Tenho gratas memórias dos tempos de antena e cartazes do PSR. Durante o cavaquismo, foram fogachos de criatividade que tornavam menos bafiento o ambiente político, simulavam uma modernidade que a minha displicente adolescência estava longe de topar apenas manhosa. Hoje, o Bloco tem eficazes cartazes, eficaz demagogia e eficaz populismo. Há também uma avidez eleitoral que intoxicou de cinismo Louçã e quem espera que ele seja um segundo Cunhal — levando ao extremo, e desnaturando-as, as características da comunicação herdada de um período romântico, quando se corria por gosto e aventura. E deu nisto, o filme supra, um espectacular manifesto da tonteira e vacuidade do Bloco.

Faz parte de uma trilogia, e é o único que se aguenta ver duas vezes, embora seja uma xaropada monumental. Mas as peças têm variados pontos de interesse, como os elevados valores de produção, a submissão às fórmulas convencionais da memória cinéfila e o facto de serem narrativas absolutamente irrelevantes para o cidadão. Quem encomendou, quem criou e quem aprovou, conseguiram o feito notável de esvaziarem de sentido as temáticas que, aparentemente, se propõem tratar.

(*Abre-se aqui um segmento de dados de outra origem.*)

lemma same_end_geodesic_ray_near_bilipschitz_seq:
  fixes b :: "int \<Rightarrow> 'a::metric_space"
  assumes hyp: "delta_hyperbolic TYPE('a) \<delta>" and bl: "bilipschitz_seq ell L b" and dl: "4*\<delta> \<le> ell"
    and "0 < ell" and \<gamma>: "geodesic_line \<gamma>"
    and near: "\<And>t. 0 \<le> t \<Longrightarrow> \<exists>j\<ge>0. dist (\<gamma> t) (b j) \<le> E"
  shows "same_end w (\<lambda>n. b (int n)) (\<lambda>n. \<gamma> (real n))"
proof -
  have "\<forall>m::nat. \<exists>i\<ge>0. dist (\<gamma> (real m)) (b i) \<le> E" using near by simp
  then obtain j where j: "\<And>m. 0 \<le> j m" "\<And>m. dist (\<gamma> (real m)) (b (j m)) \<le> E" by metis
  have "0 < L"
    using bilipschitz_seq_lower[OF bl, of 0 1] bilipschitz_seq_upper[OF bl, of 0 1] \<open>0 < ell\<close> by simp
  have grow: "real m - (2*E + L * j 0) \<le> L * j m" for m
  proof -
    have "real m = dist (\<gamma> (real m)) (\<gamma> 0)" using \<gamma> unfolding geodesic_line_def by simp
    also have "\<dots> \<le> dist (\<gamma> (real m)) (b (j m)) + dist (b (j m)) (b (j 0)) + dist (b (j 0)) (\<gamma> 0)"
      using dist_triangle[of "\<gamma> (real m)" "\<gamma> 0" "b (j m)"] dist_triangle[of "b (j m)" "\<gamma> 0" "b (j 0)"] by simp
    also have "\<dots> \<le> E + L * \<bar>real_of_int (j m - j 0)\<bar> + E"
      using j[of m] j[of 0] bilipschitz_seq_upper[OF bl, of "j m" "j 0"] by (simp add: dist_commute)
    also have "\<dots> \<le> 2*E + L * (j m + j 0)"
      using j[of m] j[of 0] \<open>0 < L\<close> by (simp add: mult_left_mono)
    finally show ?thesis by (simp add: algebra_simps)
  qed
  have "filterlim (\<lambda>m. nat (j m)) at_top sequentially"
    unfolding filterlim_at_top eventually_sequentially
  proof
    fix Z :: nat
    have "Z \<le> nat (j m)" if "L * Z + 2*E + L * j 0 \<le> real m" for m
    proof -
      have "L * real Z \<le> L * real_of_int (j m)" using grow[of m] that by linarith
      then have "real_of_int (int Z) \<le> real_of_int (j m)" using \<open>0 < L\<close> by simp
      then show ?thesis using j(1)[of m] le_nat_iff of_int_le_iff by blast
    qed
    then show "\<exists>N. \<forall>m\<ge>N. Z \<le> nat (j m)"
      by (meson le_nat_iff nat_ceiling_le_eq of_nat_le_iff order_trans real_nat_ceiling_ge)
  qed
  moreover have "dist (\<gamma> (real m)) (b (int (nat (j m)))) \<le> E" for m using j[of m] by simp
  moreover have "same_end w (\<lambda>n. b (int n)) (\<lambda>n. b (int n))"
    using bilipschitz_seq_conv_inf[OF hyp bl dl \<open>0 < ell\<close>] unfolding conv_inf_iff_same_end .
  ultimately show ?thesis
    using same_end_close[where y="\<lambda>n. b (int n)" and y'="\<lambda>n. \<gamma> (real n)" and \<sigma>="\<lambda>m. nat (j m)"] by blast
qed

Dirão os bloquistas: não passam de uns filmes, a nossa comunicação tem muitos outros elementos, momentos, canais, veículos, conteúdos, mensagens. E responderemos: então, porque os fizeram? Porque, tal como Miguel Portas disse há dias, se o PSD e o PS são como a Coca-Cola e a Pepsi, o BE precisa de lembrar ao seu eleitorado que, sendo uma aguinha sem gás, tem sabor a fruta madura.

11 thoughts on “O marketing da revolução”

  1. Apetece-me utilizar a mesma frase com que o Daniel Oliveira termina a sua crónica de hoje no Expresso em que aborda os casos mediáticos que envolvem crianças. Concordo com ele. Só que este “filme”… está mesmo a pedir:
    “Mas podíamos deixar as crianças fora do nosso circo.”

  2. O meu televisor está equipado com um poderoso sistema SL (Skip Louçã). Assim que aparece o rosto, o nome ou a voz do conhecido seminarista, a emissão passa logo para o People & Arts ou o MyZen. Pode regular-se o SL de modo a skipar também o Daniel Oliveira, o Rangel, a Guedes, o Crespo e os manos Portas.

    É um descanso. O meu televisor agora está limpo e cheira bem, já não é preciso desinfectá-lo uma vez por mês.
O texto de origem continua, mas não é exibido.